Gardner Rea (1894 - December 29, 1966) was an American cartoonist, and one of the original contributing artists to The New Yorker. Of Rea, one commentator has written: “He was bawdy without being obscene, absurd without being obscure. His captioned and uncaptioned gags were pithy and true.”

A native of Ironton, Ohio, Rea was born into an artistic family and planned to become a painter. When he was fifteen years old, he sold a gag cartoon to Life magazine.

He attended East High School in Columbus, Ohio and Ohio State University, where he met and befriended James Thurber. Rea played tennis in college and was the editor of the humor magazine, the Sundial, which he had helped to found.

From 1914, he worked as a freelance writer and artist in Manhattan, and contributed to Life and Judge magazines. During World War I, he served in the Chemical Warfare Service.
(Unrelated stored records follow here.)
(* Let $\mathbf{x}=(x_s)\in(\mathbb{R}_{>0})^{\mathbb{Z}^3}$ satisfy the positive Kashaev recurrence: for every $v\in\mathbb{Z}^3$, writing $z_{ijk}=x_{v+(i,j,k)}$ for $i,j,k\in\{0,1\}$, $$z_{111}=\frac{A+2\sqrt{D}}{z_{000}^2},$$ where $A=2z_{100}z_{010}z_{001}+z_{000}(z_{100}z_{011}+z_{010}z_{101}+z_{001}z_{110})$, $D=(z_{000}z_{011}+z_{010}z_{001})(z_{000}z_{101}+z_{100}z_{001})(z_{000}z_{110}+z_{100}z_{010})$, and $\sqrt{D}$ is the positive square root. Then for every $v\in\mathbb{Z}^3$, $$\prod_{C\ni v}K^C_v(\mathbf{x})=\prod_{S\ni v}(x_vx_{v_2}+x_{v_1}x_{v_3}),$$ where the first product is over the $8$ unit cubes $C$ in $\mathbb{Z}^3$ containing $v$, and the second is over the $12$ unit squares $S$ containing $v$, with $v,v_1,v_2,v_3$ the vertices of $S$ in cyclic order.
   Context: For a unit cube $C$ in $\mathbb{Z}^3$ with vertex $v$ and $\mathbf{x}\in\mathbb{C}^{\mathbb{Z}^3}$, label the values of $\mathbf{x}$ at the vertices of $C$ as $z_{ijk}$, $i,j,k\in\{0,1\}$, via an identification of $C$ with $\{0,1\}^3$ (a cube isomorphism) sending $v$ to $000$, and set $K^C_v(\mathbf{x})=\tfrac12\big(z_{111}z_{000}^2-z_{000}(z_{100}z_{011}+z_{010}z_{101}+z_{001}z_{110})\big)-z_{100}z_{010}z_{001}$ (independent of the choice of identification). *)

theory Defs
  imports Complex_Main
begin

type_synonym pt = "int \<times> int \<times> int"

definition vadd :: "pt \<Rightarrow> pt \<Rightarrow> pt" where
  "vadd u w = (case u of (a, b, c) \<Rightarrow> case w of (d, e, f) \<Rightarrow> (a + d, b + e, c + f))"


definition positive_kashaev :: "(pt \<Rightarrow> real) \<Rightarrow> bool" where
  "positive_kashaev x \<longleftrightarrow> (\<forall>s. x s > 0) \<and>
     (\<forall>v. let z = (\<lambda>i j k. x (vadd v (i, j, k)));
             A = 2 * z 1 0 0 * z 0 1 0 * z 0 0 1
                 + z 0 0 0 * (z 1 0 0 * z 0 1 1 + z 0 1 0 * z 1 0 1 + z 0 0 1 * z 1 1 0);
             D = (z 0 0 0 * z 0 1 1 + z 0 1 0 * z 0 0 1)
                 * (z 0 0 0 * z 1 0 1 + z 1 0 0 * z 0 0 1)
                 * (z 0 0 0 * z 1 1 0 + z 1 0 0 * z 0 1 0)
         in z 1 1 1 = (A + 2 * sqrt D) / (z 0 0 0)^2)"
He began contributing not only drawings and covers but also gags to The New Yorker after it was founded in 1925. Artists such as Charles Addams and Helen Hokinson drew cartoons based on gags written by Rea.

Gardner Rea in the mid 1930s was a regular contributor to the Communist Party's literary magazine "New Masses," with work appearing in nearly every weekly issues in the years 1936 and 1937.